Le Monde : Que signifie " le gouvernement doit être un pôle de stabilité " ?
LJ : Précisément parce que l'opinion est désorientée par la crise de l'opposition, le besoin se fait plus pressant d'éléments de référence forts, de lieux qui structurent la vie politique C'est la fonction de tout gouvernement, mais il y a eu des gouvernements faibles, ou impopulaires, ou déchirés. Ce n'est pas le cas de cette équipe qui travaille avec de vrais objectifs et de façon cohérente.
Le Monde : N'y avait-il pas un risque, en intervenant, comme vous l'avez fait, avant l'élection des présidents de conseils régionaux, d'instrumentaliser le Front national ?

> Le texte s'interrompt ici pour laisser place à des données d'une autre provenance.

text \<open>With reward \<open>\<one>\<^sub>U(S\<^sub>t)\<close> the value is \<open>V(s) = \<Sum>\<^sub>t \<gamma>\<^sup>t p\<^sub>t(s)\<close>, where
  \<open>p\<^sub>t(s) = Pr(S\<^sub>t \<in> U | S\<^sub>0 = s)\<close>. By the Markov property \<open>p\<^sub>t\<^sub>+\<^sub>1(s) = E[p\<^sub>t(S\<^sub>1) | S\<^sub>0 = s]\<close>,
  hence \<open>E[V(S\<^sub>1) | S\<^sub>0 = s] = \<Sum>\<^sub>t \<gamma>\<^sup>t p\<^sub>t\<^sub>+\<^sub>1(s)\<close>. For \<open>s \<notin> U\<close> we have \<open>p\<^sub>0(s) = 0\<close>, so
  \<open>V(s) = \<gamma> E[V(S\<^sub>1) | S\<^sub>0 = s]\<close> and the difference is \<open>(1 - \<gamma>) \<Sum>\<^sub>t \<gamma>\<^sup>t p\<^sub>t\<^sub>+\<^sub>1(s)\<close>,
  which is positive because \<open>U\<close> is reached from \<open>s\<close> with positive probability.\<close>

lemma summable_norm_discounted:
  fixes a :: "nat \<Rightarrow> real"
  assumes "0 \<le> \<gamma>" "\<gamma> < 1" "\<And>t. \<bar>a t\<bar> \<le> B"
  shows "summable (\<lambda>t. norm (\<gamma>^t * a t))"
proof (rule summable_comparison_test'[where g="\<lambda>t. B * \<gamma>^t" and N=0])
  show "summable (\<lambda>t. B * \<gamma>^t)"
    using assms by (intro summable_mult summable_geometric) auto
  show "norm (norm (\<gamma>^t * a t)) \<le> B * \<gamma>^t" for t
    using assms by (simp add: abs_mult mult.commute mult_right_mono)
qed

LJ : Qui a voulu instrumentaliser le Front national ? Une partie de la droite. En boomerang, elle s'est trouvée elle-même instrumentalisée. Et en plus fracturée. Ni dans le traitement des thèmes de la vie publique ni par l'évocation permanente du Front national, je n'ai joué ni ne. jouerai avec ["extrême droite. Il était bon que le Premier ministre et le président de la République s'expriment de façon claire, pour mettre en garde contre les alliances qui se préparaient. L'opinion l'a bien compris.
Le Monde : Dans votre déclaration de politique générale, vous aviez souhaité renouer le pacte républicain, Où en êtes-vous des réformes qui permettraient d'atteindre cet objectif ?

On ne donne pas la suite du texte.